# Compute the sum of the power serie

$\sum_{1}^{\infty } \frac{(n^{2} + n)x^{n-1}}{2^{n-1}}$

I have found convergence interval for series: $\left | x \right | < 2$, but I have no idea how to find the sum of the power series.

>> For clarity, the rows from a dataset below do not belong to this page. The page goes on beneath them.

(* Let $k$ be a complex number with $\Re(k)>0$. Then, as the integer $n\to\infty$, $$\int_{0}^{1}(1-u)^k\left(1-\cos 2\pi n u\right)\cot(\pi u)\,du=\frac{\gamma+\log n}{\pi}-\int_{0}^{1}(u^k-u)\cot(\pi u)\,du+o(1).$$
   Context: $\gamma$ is the Euler–Mascheroni constant. *)

theory Defs
  imports "HOL-Analysis.Analysis"
begin

end

theory Submission
  imports Defs "HOL-Complex_Analysis.Complex_Analysis"
begin

text \<open>Substitute \<open>u \<mapsto> 1 - u\<close> and write \<open>v powr k = (v powr k - v) + v\<close>.
  The part with the factor \<open>v\<close> is computed exactly: the kernel
  \<open>(1 - cos (2 \<pi> n v)) cot (\<pi> v)\<close> telescopes in \<open>n\<close> into sums of sines, giving
  \<open>\<integral> v (1 - cos (2 \<pi> n v)) cot (\<pi> v) = (1/(2n) - H\<^sub>n) / \<pi>\<close>, and
  \<open>H\<^sub>n = \<gamma> + ln n + o(1)\<close>. The remaining weight \<open>(v powr k - v) cot (\<pi> v)\<close> is
  integrable (it is \<open>O(v powr (Re k - 1))\<close> at \<open>0\<close> and bounded at \<open>1\<close>) and smooth inside,
  so its cosine coefficients tend to \<open>0\<close> by the Riemann-Lebesgue lemma.\<close>

definition cot_kernel :: "nat \<Rightarrow> real \<Rightarrow> real" where
  "cot_kernel n v = (1 - cos (2 * pi * real n * v)) * cot (pi * v)"

lemma cot_kernel_Suc:
  assumes "sin (pi * v) \<noteq> 0"
  shows "cot_kernel (Suc n) v
           = cot_kernel n v + sin (2 * pi * real n * v) + sin (2 * pi * real (Suc n) * v)"
proof -
  define a where "a = 2 * pi * real n * v"
  define x where "x = pi * v"
  have "(1 - cos (a + 2*x)) * cos x - (1 - cos a) * cos x = (sin a + sin (a + 2*x)) * sin x"
    unfolding cos_add sin_add sin_double cos_double
    using sin_cos_squared_add[of x] by algebra
  moreover have "2 * pi * real (Suc n) * v = a + 2*x"
    by (simp add: a_def x_def algebra_simps)
  ultimately show ?thesis
    using assms unfolding cot_kernel_def cot_def a_def [symmetric] x_def [symmetric]
    by (simp add: field_simps)
qed

lemma sin_cos_2pi_nat: "sin (2 * pi * real m) = 0" "cos (2 * pi * real m) = 1"
  using sin_npi[of "2 * m"] cos_npi[of "2 * m"] by (simp_all add: mult.commute mult.left_commute)

text \<open>For \<open>m = 0\<close> both sides vanish, thanks to \<open>x / 0 = 0\<close>.\<close>
lemma has_integral_mult_sin_2pi_nat:
  "((\<lambda>v. v * sin (2 * pi * real m * v)) has_integral - 1 / (2 * pi * real m)) {0..1}"
proof (cases "m = 0")
  case False
  define c where "c = 2 * pi * real m"
  have c: "c > 0" using False by (simp add: c_def)
  define F where "F v = - v * cos (c * v) / c + sin (c * v) / c^2" for v
  have "((\<lambda>v. v * sin (c * v)) has_integral (F 1 - F 0)) {0..1}"
  proof (rule fundamental_theorem_of_calculus)
    fix v :: real
    show "(F has_vector_derivative v * sin (c * v)) (at v within {0..1})"
      unfolding F_def using c
      by (auto intro!: derivative_eq_intros simp flip: has_real_derivative_iff_has_vector_derivative
               simp: field_simps power2_eq_square)
  qed simp
  moreover have "sin c = 0" "cos c = 1"
    unfolding c_def by (rule sin_cos_2pi_nat)+
  ultimately show ?thesis by (simp add: F_def c_def)
qed simp

lemma has_integral_mult_cot_kernel:
  "((\<lambda>v. v * cot_kernel n v) has_integral (inverse (2 * real n) - harm n) / pi) {0<..<1}"
proof (induction n)
  case 0
  then show ?case by (simp add: cot_kernel_def harm_def)
next
  case (Suc n)
  have sin_int: "((\<lambda>v. v * sin (2 * pi * real m * v)) has_integral - 1 / (2 * pi * real m)) {0<..<1}" for m
    using has_integral_mult_sin_2pi_nat by (simp add: has_integral_Icc_iff_Ioo)
  have step: "((\<lambda>v. v * cot_kernel n v + v * sin (2 * pi * real n * v) + v * sin (2 * pi * real (Suc n) * v))
          has_integral (inverse (2 * real n) - harm n) / pi - 1 / (2 * pi * real n) - 1 / (2 * pi * real (Suc n)))
         {0<..<1}"
    using has_integral_add[OF has_integral_add[OF Suc sin_int[of n]] sin_int[of "Suc n"]] by simp
  have total: "(inverse (2 * real n) - harm n) / pi - 1 / (2 * pi * real n) - 1 / (2 * pi * real (Suc n))
      = (inverse (2 * real (Suc n)) - harm (Suc n)) / pi"
    using pi_gt_zero by (cases "n = 0")
      (simp_all add: harm_Suc inverse_eq_divide divide_simps, simp_all add: algebra_simps)
  have integrand: "v * cot_kernel (Suc n) v
      = v * cot_kernel n v + v * sin (2 * pi * real n * v) + v * sin (2 * pi * real (Suc n) * v)"
    if "v \<in> {0<..<1}" for v
    using that cot_kernel_Suc[of v n] sin_gt_zero[of "pi * v"] by (simp add: algebra_simps)
  show ?case
    using step unfolding total by (subst has_integral_cong[OF integrand])
qed

lemma cot_kernel_reflect: "cot_kernel n (1 - v) = - cot_kernel n v"
proof -
  have "cos (2 * pi * real n * (1 - v)) = cos (2 * pi * real n * v)"
    using cos_diff[of "2 * pi * real n" "2 * pi * real n * v"]
    by (simp add: right_diff_distrib sin_cos_2pi_nat)
  moreover have "cot (pi * (1 - v)) = - cot (pi * v)"
    by (simp add: cot_def right_diff_distrib)
  ultimately show ?thesis by (simp add: cot_kernel_def)
qed

lemma norm_integral_mult_cos_le:
  fixes h h' :: "real \<Rightarrow> complex"
  assumes "a \<le> b"
    and h': "\<And>v. v \<in> {a..b} \<Longrightarrow> (h has_vector_derivative h' v) (at v within {a..b})"
    and cont: "continuous_on {a..b} h'"
  obtains M where "\<And>t. t > 0 \<Longrightarrow> norm (integral {a..b} (\<lambda>v. h v * of_real (cos (t * v)))) \<le> M / t"
proof -
  have "continuous_on {a..b} (\<lambda>v. norm (h v) + norm (h' v))"
    using continuous_on_vector_derivative[OF h'] cont by (intro continuous_intros)
  then have "bounded ((\<lambda>v. norm (h v) + norm (h' v)) ` {a..b})"
    by (intro compact_imp_bounded compact_continuous_image) auto
  then obtain K where K: "\<And>v. v \<in> {a..b} \<Longrightarrow> norm (h v) + norm (h' v) \<le> K"
    unfolding bounded_iff by fastforce
  have "0 \<le> norm (h a) + norm (h' a)" by simp
  also have "\<dots> \<le> K" using K \<open>a \<le> b\<close> by simp
  finally have K0: "K \<ge> 0" .
  show ?thesis
  proof (rule that[of "(2 + (b - a)) * K"])
    fix t :: real assume t: "t > 0"
    define G where "G v = h v * of_real (sin (t * v) / t)" for v
    define D where "D v = h' v * of_real (sin (t * v) / t)" for v
    text \<open>Integration by parts: \<open>G' = h cos + D\<close>, and both \<open>G\<close> and \<open>D\<close> are \<open>O(1/t)\<close>.\<close>
    have ftc: "((\<lambda>v. h v * of_real (cos (t * v)) + D v) has_integral (G b - G a)) {a..b}"
    proof (rule fundamental_theorem_of_calculus[OF \<open>a \<le> b\<close>])
      fix v assume v: "v \<in> {a..b}"
      have "((\<lambda>v. complex_of_real (sin (t * v) / t)) has_vector_derivative of_real (cos (t * v)))
              (at v within {a..b})"
        using t by (auto intro!: derivative_eq_intros)
      from has_vector_derivative_mult[OF h'[OF v] this]
      show "(G has_vector_derivative h v * of_real (cos (t * v)) + D v) (at v within {a..b})"
        unfolding G_def D_def by (simp add: algebra_simps)
    qed
    have cont_D: "continuous_on {a..b} D"
      unfolding D_def using t by (intro continuous_intros cont) auto
    have "((\<lambda>v. h v * of_real (cos (t * v)) + D v - D v) has_integral (G b - G a - integral {a..b} D)) {a..b}"
      using ftc integrable_integral[OF integrable_continuous_interval[OF cont_D]]
      by (rule has_integral_diff)
    then have parts: "integral {a..b} (\<lambda>v. h v * of_real (cos (t * v))) = G b - G a - integral {a..b} D"
      by (simp add: integral_unique)
    have bound: "norm (G v) \<le> K / t" "norm (D v) \<le> K / t" if "v \<in> {a..b}" for v
    proof -
      have s: "\<bar>sin (t * v) / t\<bar> \<le> 1 / t"
        using t abs_sin_le_one by (simp add: divide_right_mono)
      have "norm (h v) \<le> K" "norm (h' v) \<le> K"
        using K[OF that] norm_ge_zero[of "h v"] norm_ge_zero[of "h' v"] by linarith+
      then have "norm (h v) * \<bar>sin (t * v) / t\<bar> \<le> K * (1 / t)"
        "norm (h' v) * \<bar>sin (t * v) / t\<bar> \<le> K * (1 / t)"
        using K0 s by (intro mult_mono; simp)+
      then show "norm (G v) \<le> K / t" "norm (D v) \<le> K / t"
        unfolding G_def D_def norm_mult norm_of_real by simp_all
    qed
    have "norm (integral {a..b} (\<lambda>v. h v * of_real (cos (t * v))))
        \<le> norm (G b) + norm (G a) + norm (integral {a..b} D)"
      unfolding parts
      using norm_triangle_ineq4[of "G b" "G a"] norm_triangle_ineq4[of "G b - G a" "integral {a..b} D"]
      by linarith
    also have "\<dots> \<le> K / t + K / t + K / t * (b - a)"
      using bound \<open>a \<le> b\<close> by (intro add_mono integral_bound[OF \<open>a \<le> b\<close> cont_D]) auto
    also have "\<dots> = (2 + (b - a)) * K / t"
      using t by (simp add: field_simps)
    finally show "norm (integral {a..b} (\<lambda>v. h v * of_real (cos (t * v)))) \<le> (2 + (b - a)) * K / t" .
  qed
qed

• Do you know about differentiating power series term-by-term? (or integrating them) – ancientmathematician May 19 '17 at 14:57

$$\sum\limits_{n=1}^\infty{(n^2+n)x^{n-1}\over2^{n-1}} = 4{d^2\over dx^2}\sum\limits_{n=1}^\infty{x^{n+1}\over2^{n+1}} = 4{d^2\over dx^2}{{x^2\over2^2}\over1-{x\over2}} = 2{d^2\over dx^2}{x^2\over2-x} = 2{d^2\over dx^2}{x^2-4+4\over2-x} = 2{d^2\over dx^2}\left(-x-2 + {4\over2-x}\right) = {8\cdot1\cdot2\over(2-x)^3} = {16\over(2-x)^3}$$
Hint: Recall that $$\frac{1}{1-x} = \sum_{n=0}^{\infty}x^n$$ $$\left(\frac{1}{1-x}\right)' = \sum_{n=1}^{\infty}nx^{n-1}$$ $$\left(\frac{1}{1-x}\right)'' = \sum_{n=2}^{\infty}n(n-1)x^{n-2} = \sum_{n=1}^{\infty}n(n+1)x^{n-1} = \sum_{n=1}^{\infty}(n^2+n)x^{n-1}$$ What if you replace $x$ by $\frac{x}{2}$.